• [TASK REQUIREMENTS]: Word for word, output the data that follows.
-=-=-=-=-
(* Consider the first-stage fixed composition strategy searching among $1/\alpha$ sections, where at each time exactly $K^\ast=q^\ast/\alpha$ sections are probed (i.e. $|\mathbf S'_n|\alpha=q^\ast$), and let $\rho'_n$ be the posterior over sections. Then for all $n\ge1$, $$\mathbb E\big[U(\rho'_{n+1})-U(\rho'_n)\,\big|\,\mathcal F_n,\mathbf S'_n\big]\ge C_{\mathrm{BAWGN}}(q^\ast,q^\ast B\sigma^2),\qquad U(\rho):=\sum_{i=1}^{1/\alpha}\rho(i)\log\frac{\rho(i)}{1-\rho(i)}.$$
   Context: Logarithms base 2. Fix $B>0$, $\sigma^2>0$, $\alpha\in(0,1)$ with $M:=1/\alpha$ an integer $\ge2$, and $q^\ast\in(0,1)$ with $K^\ast=q^\ast/\alpha$ an integer, $1\le K^\ast<M$. The search region of width $B$ is divided into $M$ sections of width $\alpha B$; the target lies in exactly one section, uniformly at random. At each time $n$ the agent chooses, uniformly at random among all subsets of size $K^\ast$ and independently of the past, a set of sections $A^1_n$ to probe, and observes $Y_n=X_n+Z_n$ where $X_n=1$ if the target's section lies in $A^1_n$ and $0$ otherwise, and $Z_n\sim\mathcal N(0,q^\ast B\sigma^2)$ independent of everything else. Starting from uniform $\rho'_0(i)=\alpha$, the posterior is updated by Bayes' rule: after $Y_n=y$, $\rho'_{n+1}(i)\propto\rho'_n(i)G(y;1,q^\ast B\sigma^2)$ if $i\in A^1_n$ and $\propto\rho'_n(i)G(y;0,q^\ast B\sigma^2)$ otherwise, where $G(\cdot;\mu,s^2)$ is the $\mathcal N(\mu,s^2)$ density. $\mathcal F_n$ is the sigma-field generated by the past observations and measurements. $C_{\mathrm{BAWGN}}(q,s^2):=-\int p(y)\log p(y)dy-\frac12\log(2\pi es^2)$ with $p(y)=(1-q)G(y;0,s^2)+qG(y;1,s^2)$. *)

theory Defs
  imports "HOL-Probability.Probability"
begin

definition G :: "real \<Rightarrow> real \<Rightarrow> real \<Rightarrow> real" where
  "G y mu s2 = exp (- ((y - mu)^2) / (2 * s2)) / sqrt (2 * pi * s2)"

text \<open>Binary-input AWGN mutual information with input probability q (logs base 2).\<close>
definition C_BAWGN :: "real \<Rightarrow> real \<Rightarrow> real" where
  "C_BAWGN q s2 =
     - (\<integral>y. ((1 - q) * G y 0 s2 + q * G y 1 s2) * log 2 ((1 - q) * G y 0 s2 + q * G y 1 s2) \<partial>lborel)
     - 1/2 * log 2 (2 * pi * exp 1 * s2)"

definition U :: "nat \<Rightarrow> (nat \<Rightarrow> real) \<Rightarrow> real" where
  "U M rho = (\<Sum>i<M. rho i * log 2 (rho i / (1 - rho i)))"

definition lik :: "real \<Rightarrow> nat set \<Rightarrow> real \<Rightarrow> nat \<Rightarrow> real" where
  "lik s2 A y i = (if i \<in> A then G y 1 s2 else G y 0 s2)"

definition pred :: "nat \<Rightarrow> real \<Rightarrow> (nat \<Rightarrow> real) \<Rightarrow> nat set \<Rightarrow> real \<Rightarrow> real" where
  "pred M s2 rho A y = (\<Sum>j<M. rho j * lik s2 A y j)"

definition post :: "nat \<Rightarrow> real \<Rightarrow> (nat \<Rightarrow> real) \<Rightarrow> nat set \<Rightarrow> real \<Rightarrow> nat \<Rightarrow> real" where
  "post M s2 rho A y i = rho i * lik s2 A y i / pred M s2 rho A y"

text \<open>Posterior rho'_n after probed sets As 0, ..., As (n-1) and observations ys 0, ..., ys (n-1),
  starting from the uniform prior alpha = 1/M.\<close>
fun rho_seq :: "nat \<Rightarrow> real \<Rightarrow> (nat \<Rightarrow> nat set) \<Rightarrow> (nat \<Rightarrow> real) \<Rightarrow> nat \<Rightarrow> nat \<Rightarrow> real" where
  "rho_seq M s2 As ys 0 = (\<lambda>i. 1 / real M)"
| "rho_seq M s2 As ys (Suc n) = post M s2 (rho_seq M s2 As ys n) (As n) (ys n)"

definition probe_sets :: "nat \<Rightarrow> nat \<Rightarrow> nat set set" where
  "probe_sets M K = {A. A \<subseteq> {..<M} \<and> card A = K}"

text \<open>E[U(rho'_{n+1}) | F_n] when rho'_n = rho: the probed set is uniform over the K-subsets,
  independent of the past, and given A the observation has density pred M s2 rho A.\<close>
definition expected_next_U :: "nat \<Rightarrow> nat \<Rightarrow> real \<Rightarrow> (nat \<Rightarrow> real) \<Rightarrow> real" where
  "expected_next_U M K s2 rho =
     (\<Sum>A\<in>probe_sets M K. (\<integral>y. pred M s2 rho A y * U M (post M s2 rho A y) \<partial>lborel))
       / real (card (probe_sets M K))"

end

theory Submission
  imports Defs
begin

(* Let g_i = lik s A y i, write p = mix_density q s y (q = K/M) for the output density of the
   binary-input channel, and v_i = pred - r_i g_i = sum over j <> i of r_j g_j.  Then
   pred * U(post) = sum_i r_i g_i log (r_i g_i / v_i), and splitting
   r_i g_i / v_i = (r_i / (1 - r_i)) (g_i / p) / (v_i / ((1 - r_i) p))
   with -ln x >= 1 - x bounds each summand below by
   r_i g_i (log (r_i / (1 - r_i)) + log (g_i / p) + (1 - v_i / ((1 - r_i) p)) / ln 2).
   Averaged over the uniformly random probe set A, g_i becomes p and g_i log (g_i / p) becomes the
   mutual-information density, which integrates to C_BAWGN q s; the correction term has
   nonnegative average because two distinct sections are probed together with probability
   K (K - 1) / (M (M - 1)) <= q^2, so g_i v_i averages to at most (1 - r_i) p^2. *)

definition mix_density :: "real \<Rightarrow> real \<Rightarrow> real \<Rightarrow> real" where
  "mix_density q s y = (1 - q) * G y 0 s + q * G y 1 s"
-=-=-=-=-
• [RESULT OF THIS EXERCISE]:
(* Consider the first-stage fixed composition strategy searching among $1/\alpha$ sections, where at each time exactly $K^\ast=q^\ast/\alpha$ sections are probed (i.e. $|\mathbf S'_n|\alpha=q^\ast$), and let $\rho'_n$ be the posterior over sections. Then for all $n\ge1$, $$\mathbb E\big[U(\rho'_{n+1})-U(\rho'_n)\,\big|\,\mathcal F_n,\mathbf S'_n\big]\ge C_{\mathrm{BAWGN}}(q^\ast,q^\ast B\sigma^2),\qquad U(\rho):=\sum_{i=1}^{1/\alpha}\rho(i)\log\frac{\rho(i)}{1-\rho(i)}.$$
   Context: Logarithms base 2. Fix $B>0$, $\sigma^2>0$, $\alpha\in(0,1)$ with $M:=1/\alpha$ an integer $\ge2$, and $q^\ast\in(0,1)$ with $K^\ast=q^\ast/\alpha$ an integer, $1\le K^\ast<M$. The search region of width $B$ is divided into $M$ sections of width $\alpha B$; the target lies in exactly one section, uniformly at random. At each time $n$ the agent chooses, uniformly at random among all subsets of size $K^\ast$ and independently of the past, a set of sections $A^1_n$ to probe, and observes $Y_n=X_n+Z_n$ where $X_n=1$ if the target's section lies in $A^1_n$ and $0$ otherwise, and $Z_n\sim\mathcal N(0,q^\ast B\sigma^2)$ independent of everything else. Starting from uniform $\rho'_0(i)=\alpha$, the posterior is updated by Bayes' rule: after $Y_n=y$, $\rho'_{n+1}(i)\propto\rho'_n(i)G(y;1,q^\ast B\sigma^2)$ if $i\in A^1_n$ and $\propto\rho'_n(i)G(y;0,q^\ast B\sigma^2)$ otherwise, where $G(\cdot;\mu,s^2)$ is the $\mathcal N(\mu,s^2)$ density. $\mathcal F_n$ is the sigma-field generated by the past observations and measurements. $C_{\mathrm{BAWGN}}(q,s^2):=-\int p(y)\log p(y)dy-\frac12\log(2\pi es^2)$ with $p(y)=(1-q)G(y;0,s^2)+qG(y;1,s^2)$. *)

theory Defs
  imports "HOL-Probability.Probability"
begin

definition G :: "real \<Rightarrow> real \<Rightarrow> real \<Rightarrow> real" where
  "G y mu s2 = exp (- ((y - mu)^2) / (2 * s2)) / sqrt (2 * pi * s2)"

text \<open>Binary-input AWGN mutual information with input probability q (logs base 2).\<close>
definition C_BAWGN :: "real \<Rightarrow> real \<Rightarrow> real" where
  "C_BAWGN q s2 =
     - (\<integral>y. ((1 - q) * G y 0 s2 + q * G y 1 s2) * log 2 ((1 - q) * G y 0 s2 + q * G y 1 s2) \<partial>lborel)
     - 1/2 * log 2 (2 * pi * exp 1 * s2)"

definition U :: "nat \<Rightarrow> (nat \<Rightarrow> real) \<Rightarrow> real" where
  "U M rho = (\<Sum>i<M. rho i * log 2 (rho i / (1 - rho i)))"

definition lik :: "real \<Rightarrow> nat set \<Rightarrow> real \<Rightarrow> nat \<Rightarrow> real" where
  "lik s2 A y i = (if i \<in> A then G y 1 s2 else G y 0 s2)"

definition pred :: "nat \<Rightarrow> real \<Rightarrow> (nat \<Rightarrow> real) \<Rightarrow> nat set \<Rightarrow> real \<Rightarrow> real" where
  "pred M s2 rho A y = (\<Sum>j<M. rho j * lik s2 A y j)"

definition post :: "nat \<Rightarrow> real \<Rightarrow> (nat \<Rightarrow> real) \<Rightarrow> nat set \<Rightarrow> real \<Rightarrow> nat \<Rightarrow> real" where
  "post M s2 rho A y i = rho i * lik s2 A y i / pred M s2 rho A y"

text \<open>Posterior rho'_n after probed sets As 0, ..., As (n-1) and observations ys 0, ..., ys (n-1),
  starting from the uniform prior alpha = 1/M.\<close>
fun rho_seq :: "nat \<Rightarrow> real \<Rightarrow> (nat \<Rightarrow> nat set) \<Rightarrow> (nat \<Rightarrow> real) \<Rightarrow> nat \<Rightarrow> nat \<Rightarrow> real" where
  "rho_seq M s2 As ys 0 = (\<lambda>i. 1 / real M)"
| "rho_seq M s2 As ys (Suc n) = post M s2 (rho_seq M s2 As ys n) (As n) (ys n)"

definition probe_sets :: "nat \<Rightarrow> nat \<Rightarrow> nat set set" where
  "probe_sets M K = {A. A \<subseteq> {..<M} \<and> card A = K}"

text \<open>E[U(rho'_{n+1}) | F_n] when rho'_n = rho: the probed set is uniform over the K-subsets,
  independent of the past, and given A the observation has density pred M s2 rho A.\<close>
definition expected_next_U :: "nat \<Rightarrow> nat \<Rightarrow> real \<Rightarrow> (nat \<Rightarrow> real) \<Rightarrow> real" where
  "expected_next_U M K s2 rho =
     (\<Sum>A\<in>probe_sets M K. (\<integral>y. pred M s2 rho A y * U M (post M s2 rho A y) \<partial>lborel))
       / real (card (probe_sets M K))"

end

theory Submission
  imports Defs
begin

(* Let g_i = lik s A y i, write p = mix_density q s y (q = K/M) for the output density of the
   binary-input channel, and v_i = pred - r_i g_i = sum over j <> i of r_j g_j.  Then
   pred * U(post) = sum_i r_i g_i log (r_i g_i / v_i), and splitting
   r_i g_i / v_i = (r_i / (1 - r_i)) (g_i / p) / (v_i / ((1 - r_i) p))
   with -ln x >= 1 - x bounds each summand below by
   r_i g_i (log (r_i / (1 - r_i)) + log (g_i / p) + (1 - v_i / ((1 - r_i) p)) / ln 2).
   Averaged over the uniformly random probe set A, g_i becomes p and g_i log (g_i / p) becomes the
   mutual-information density, which integrates to C_BAWGN q s; the correction term has
   nonnegative average because two distinct sections are probed together with probability
   K (K - 1) / (M (M - 1)) <= q^2, so g_i v_i averages to at most (1 - r_i) p^2. *)

definition mix_density :: "real \<Rightarrow> real \<Rightarrow> real \<Rightarrow> real" where
  "mix_density q s y = (1 - q) * G y 0 s + q * G y 1 s"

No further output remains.